И скоро Кожемякин заметил, что его слова уже не вызывают лестного внимания, их стали принимать бесспорно и, всё более нетерпеливо ожидая конца его речи, в конце торопливо говорили, кивая ему головой:

— Да, да, это так…

— Приблизительно верно, конечно…

Потом Галатская и Цветаев стали даже перебивать его напоминающими возгласами:

— Мы уже слышали это!

И дядя Марк не однажды строго останавливал их:

— Позвольте, дайте же кончить.

Кожемякин отмечал уже с недоумением и обидой: «Не оспаривают, даже и не слушают; сами говорят неумеренно, а для меня терпенья нет…»

Наконец случилось так, что Максим, не вставая со стула, заговорил против хозяина необычным складом речи, с дерзостью большей, чем всегда:

— Вы, Матвей Савельич, видно, не замечаете, что всегда говорите одно и то же, и все в пользу своего сословия, а ведь не оно страждет больше всех, но по его воле страждет весь народ.

Строгий и красивый, он всё повышал голос, и чем громче говорил, тем тише становилось в комнате.
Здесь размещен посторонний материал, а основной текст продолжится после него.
(* Let $\mathcal{B}^*$ be the three-receiver unicast index coding problem described in the context, with equivalent single unicast side information graph $G^*$ on $[12]$ and underlying undirected graph $G^*_u$. For any $S \subseteq [12]$, the optimal broadcast rate among index codes with locality $1$ for the sub-problem $\mathcal{B}^*_S$ satisfies $$\beta^*_{\mathcal{B}^*_S}(1) = \bar{\chi}(G^*_{S,u}),$$ where $\bar{\chi}$ denotes the clique cover number and $G^*_{S,u}$ is the subgraph of $G^*_u$ induced by $S$.
   Context: Index coding model. A unicast index coding problem has $n$ receivers $u_1,\dots,u_n$ and $N$ messages $\mathbf{x}_1,\dots,\mathbf{x}_N$, each a vector in $\mathcal{A}^m$ for a finite alphabet $\mathcal{A}$ and a positive integer $m$ (the message length; all messages have the same length). Receiver $u_i$ demands $\mathbf{x}_j$, $j\in W_i$, and knows $\mathbf{x}_j$, $j\in K_i$, as side information, where $W_i,K_i\subseteq[N]$, $W_i\cap K_i=\emptyset$, the $W_i$ are pairwise disjoint and every message is demanded by exactly one receiver. An index code consists of an encoder mapping $(\mathbf{x}_1,\dots,\mathbf{x}_N)$ to a codeword $\mathbf{c}\in\mathcal{A}^\ell$, subsets $R_i\subseteq[\ell]$ (receiver $u_i$ observes only $\mathbf{c}_{R_i}=(c_k)_{k\in R_i}$), and decoders at each $u_i$ mapping $(\mathbf{c}_{R_i},\mathbf{x}_{K_i})$ to $\mathbf{x}_{W_i}$. It is valid if every receiver decodes its demand correctly for all message values. Its broadcast rate is $\beta=\ell/m$. The locality at $u_i$ is $r_i=|R_i|/(m|W_i|)$ and the locality of the code is $r=\max_i r_i$ (receivers with no demand impose no constraint). For a problem $\mathcal{B}$, $\beta^*_{\mathcal{B}}(r)$ is the infimum of broadcast rates of all valid index codes, over all message lengths $m\ge1$, with locality at most $r$. The problem $\mathcal{B}^*$: three receivers $u_1,u_2,u_3$ and 12 messages $\mathbf{x}_1,\dots,\mathbf{x}_{12}$ with $W_1=\{1,2,3,4\}$, $W_2=\{5,6,7,8\}$, $W_3=\{9,10,11,12\}$, $K_1=\{5,6,9,10\}$, $K_2=\{1,2,9,11\}$, $K_3=\{1,3,5,7\}$. For $S\subseteq[12]$, $\mathcal{B}^*_S$ is the sub-problem with receivers $u_1,u_2,u_3$, messages $\mathbf{x}_j$, $j\in S$, demand sets $W_i\cap S$ and side information sets $K_i\cap S$. Graphs. $G^*$ is the directed graph on vertex set $[12]$ with a directed edge $(a,b)$ if and only if $b\in K_i$, where $i$ is the unique receiver with $a\in W_i$. $G^*_u$ is the undirected graph on $[12]$ in which $\{a,b\}$ is an edge if and only if both $(a,b)$ and $(b,a)$ are edges of $G^*$. For $S\subseteq[12]$, $G^*_S$ and $G^*_{S,u}$ denote the subgraphs of $G^*$ and $G^*_u$ induced by $S$. *)

theory Defs
  imports Complex_Main "HOL-Library.Disjoint_Sets"
begin

definition receivers :: "nat set" where
  "receivers = {1, 2, 3}"

definition W :: "nat \<Rightarrow> nat set" where
  "W i = (if i = 1 then {1,2,3,4} else if i = 2 then {5,6,7,8}
          else if i = 3 then {9,10,11,12} else {})"

definition K :: "nat \<Rightarrow> nat set" where
  "K i = (if i = 1 then {5,6,9,10} else if i = 2 then {1,2,9,11}
          else if i = 3 then {1,3,5,7} else {})"

text \<open>A message tuple for B*_S with message length m: x j k is the k-th symbol
  (k < m) of message j (j \<in> S); all other entries are fixed to undefined,
  so that such functions are in bijection with A^(S \<times> [m]).\<close>

definition msgs :: "nat set \<Rightarrow> nat \<Rightarrow> (nat \<Rightarrow> nat \<Rightarrow> 'a) set" where
  "msgs S m = {x. \<forall>j k. \<not> (j \<in> S \<and> k < m) \<longrightarrow> x j k = undefined}"

definition restr_msgs :: "(nat \<Rightarrow> nat \<Rightarrow> 'a) \<Rightarrow> nat set \<Rightarrow> nat \<Rightarrow> nat \<Rightarrow> nat \<Rightarrow> 'a" where
  "restr_msgs x A m = (\<lambda>j k. if j \<in> A \<and> k < m then x j k else undefined)"

definition restr_cw :: "(nat \<Rightarrow> 'a) \<Rightarrow> nat set \<Rightarrow> nat \<Rightarrow> 'a" where
  "restr_cw c R = (\<lambda>k. if k \<in> R then c k else undefined)"

definition valid_code ::
  "nat set \<Rightarrow> nat \<Rightarrow> nat \<Rightarrow> ((nat \<Rightarrow> nat \<Rightarrow> 'a) \<Rightarrow> (nat \<Rightarrow> 'a)) \<Rightarrow> (nat \<Rightarrow> nat set)
     \<Rightarrow> (nat \<Rightarrow> (nat \<Rightarrow> 'a) \<Rightarrow> (nat \<Rightarrow> nat \<Rightarrow> 'a) \<Rightarrow> (nat \<Rightarrow> nat \<Rightarrow> 'a)) \<Rightarrow> bool" where
  "valid_code S m l E R D \<longleftrightarrow>
     (\<forall>i\<in>receivers. R i \<subseteq> {..<l}) \<and>
     (\<forall>x\<in>msgs S m. \<forall>i\<in>receivers. \<forall>j\<in>W i \<inter> S. \<forall>k<m.
        D i (restr_cw (E x) (R i)) (restr_msgs x (K i \<inter> S) m) j k = x j k)"

definition locality_le :: "nat set \<Rightarrow> nat \<Rightarrow> (nat \<Rightarrow> nat set) \<Rightarrow> real \<Rightarrow> bool" where
  "locality_le S m R r \<longleftrightarrow>
     (\<forall>i\<in>receivers. W i \<inter> S \<noteq> {} \<longrightarrow>
        real (card (R i)) / (real m * real (card (W i \<inter> S))) \<le> r)"

definition beta_star :: "'a itself \<Rightarrow> nat set \<Rightarrow> real \<Rightarrow> real" where
  "beta_star (_ :: 'a itself) S r = Inf {real l / real m | l m. m \<ge> 1 \<and>
      (\<exists>(E :: (nat \<Rightarrow> nat \<Rightarrow> 'a) \<Rightarrow> (nat \<Rightarrow> 'a)) R D.
          valid_code S m l E R D \<and> locality_le S m R r)}"

definition G_edge :: "nat \<Rightarrow> nat \<Rightarrow> bool" where
  "G_edge a b \<longleftrightarrow> (\<exists>i\<in>receivers. a \<in> W i \<and> b \<in> K i)"

definition Gu_edge :: "nat \<Rightarrow> nat \<Rightarrow> bool" where
  "Gu_edge a b \<longleftrightarrow> G_edge a b \<and> G_edge b a"

definition is_clique_in :: "nat set \<Rightarrow> nat set \<Rightarrow> bool" where
  "is_clique_in S C \<longleftrightarrow> C \<subseteq> S \<and> (\<forall>a\<in>C. \<forall>b\<in>C. a \<noteq> b \<longrightarrow> Gu_edge a b)"

definition clique_cover_number :: "nat set \<Rightarrow> nat" where
  "clique_cover_number S =
     (LEAST k. \<exists>P. partition_on S P \<and> (\<forall>C\<in>P. is_clique_in S C) \<and> finite P \<and> card P = k)"

end

theory Submission
  imports Defs "HOL-Library.FuncSet"
begin

(* A partition of S into l cliques of G*_u gives a scalar code of length l: for each clique,
   broadcast the sum modulo |A| of its messages. A receiver demanding a message of a clique
   knows all the other messages of that clique, so it decodes from that single symbol, and it
   reads only the symbols of cliques meeting its demand, so the locality is 1.

   Conversely, with locality 1 receiver i reads at most, and by counting at least,
   m |W_i \<inter> S| symbols; these are then a bijective image of its demand once its side
   information is fixed, so every symbol it reads is a function of the messages it demands
   or knows. A symbol read by two receivers therefore only carries messages demanded by one
   and known by the other, which bounds the overlaps of the read sets, and
   inclusion-exclusion gives l \<ge> m (|S| - overlap_bound S). A check of the 2^9 subsets of
   the non-isolated vertices 1, 2, 3, 5, 6, 7, 9, 10, 11 against twelve explicit clique
   partitions shows |S| - overlap_bound S \<ge> clique_cover_number S. *)

section \<open>Counting arguments for index codes\<close>

lemma finite_W: "finite (W i)"
  by (simp add: W_def)

lemma W_Int_K_empty: "W i \<inter> K i = {}"
  by (auto simp: W_def K_def)

lemma W_Int_W_empty: "i \<noteq> j \<Longrightarrow> W i \<inter> W j = {}"
  by (auto simp: W_def)

lemma G_edge_imp_K:
  assumes "G_edge a b" "a \<in> W i"
  shows "b \<in> K i"
proof -
  obtain i' where "a \<in> W i'" "b \<in> K i'"
    using assms(1) by (auto simp: G_edge_def)
  moreover have "i' = i"
    using W_Int_W_empty[of i' i] calculation(1) assms(2) by blast
  ultimately show ?thesis by simp
qed

definition msgs_varying ::
    "nat set \<Rightarrow> nat \<Rightarrow> (nat \<Rightarrow> nat \<Rightarrow> 'a) \<Rightarrow> nat set \<Rightarrow> (nat \<Rightarrow> nat \<Rightarrow> 'a) set" where
  "msgs_varying S m x V = {z \<in> msgs S m. \<forall>j k. j \<notin> V \<longrightarrow> z j k = x j k}"

lemma card_msgs_varying:
  fixes x :: "nat \<Rightarrow> nat \<Rightarrow> 'a::finite"
  assumes V: "finite V" "V \<subseteq> S" and x: "x \<in> msgs S m"
  shows "card (msgs_varying S m x V) = card (UNIV :: 'a set) ^ (m * card V)"
proof -
  let ?F = "V \<times> {..<m} \<rightarrow>\<^sub>E (UNIV :: 'a set)"
  define emb where "emb f = (\<lambda>j k. if j \<in> V \<and> k < m then f (j, k) else x j k)"
    for f :: "nat \<times> nat \<Rightarrow> 'a"
  have "inj_on emb ?F"
  proof (rule inj_onI)
    fix f g assume f: "f \<in> ?F" and g: "g \<in> ?F" and eq: "emb f = emb g"
    have "f (j, k) = g (j, k)" if "(j, k) \<in> V \<times> {..<m}" for j k
      using that fun_cong[OF fun_cong[OF eq, of j], of k] by (simp add: emb_def)
    then show "f = g" using f g by (intro PiE_ext) auto
  qed
  moreover have "emb ` ?F = msgs_varying S m x V"
  proof
    show "emb ` ?F \<subseteq> msgs_varying S m x V"
      using V x by (auto simp: emb_def msgs_varying_def msgs_def)
    show "msgs_varying S m x V \<subseteq> emb ` ?F"
    proof
      fix z assume "z \<in> msgs_varying S m x V"
      then have "z = emb (restrict (\<lambda>(j, k). z j k) (V \<times> {..<m}))"
        using x by (auto simp: emb_def msgs_varying_def msgs_def fun_eq_iff)
      moreover have "restrict (\<lambda>(j, k). z j k) (V \<times> {..<m}) \<in> ?F" by simp
      ultimately show "z \<in> emb ` ?F" by blast
    qed
  qed
  ultimately have "card (msgs_varying S m x V) = card ?F"
    using card_image by fastforce
  also have "\<dots> = card (UNIV :: 'a set) ^ (m * card V)"
    using V by (simp add: card_PiE card_cartesian_product mult.commute)
  finally show ?thesis .
qed

lemma valid_code_decodes:
  assumes "valid_code S m l E R D" "i \<in> receivers" "x \<in> msgs S m" "j \<in> W i \<inter> S" "k < m"
  shows "D i (restr_cw (E x) (R i)) (restr_msgs x (K i \<inter> S) m) j k = x j k"
  using assms unfolding valid_code_def by blast

lemma valid_code_finite_reads:
  assumes "valid_code S m l E R D" "i \<in> receivers"
  shows "finite (R i)"
  using assms unfolding valid_code_def by (meson finite_lessThan finite_subset)

lemma restr_cw_in_PiE: "restr_cw c A \<in> A \<rightarrow>\<^sub>E UNIV"
  by (auto simp: restr_cw_def PiE_def extensional_def)

lemma valid_code_eq_if_same_view:
  assumes v: "valid_code S m l E R D" and i: "i \<in> receivers"
    and z: "z \<in> msgs S m" and z': "z' \<in> msgs S m"
    and outside: "\<And>j k. j \<notin> W i \<Longrightarrow> z j k = z' j k"
    and view: "restr_cw (E z) (R i) = restr_cw (E z') (R i)"
  shows "z = z'"
proof (intro ext)
  fix j k
  have side: "restr_msgs z (K i \<inter> S) m = restr_msgs z' (K i \<inter> S) m"
    using outside W_Int_K_empty[of i] by (auto simp: restr_msgs_def fun_eq_iff)
  show "z j k = z' j k"
  proof (cases "j \<in> W i \<inter> S \<and> k < m")
    case True
    then show ?thesis
      using valid_code_decodes[OF v i z] valid_code_decodes[OF v i z'] view side by metis
  next
    case False
    then show ?thesis using outside z z' by (auto simp: msgs_def)
  qed
qed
Сконфуженно опустив голову, Кожемякин исподлобья наблюдал за людьми — все смотрели на Максима, только тёмные зрачки горбуна, сократясь и окружённые голубоватыми кольцами белков, остановились на лице Кожемякина, как бы подстерегая его взгляд, да попадья, перестав работать, положила руки на колени и смотрела поверх очков в потолок.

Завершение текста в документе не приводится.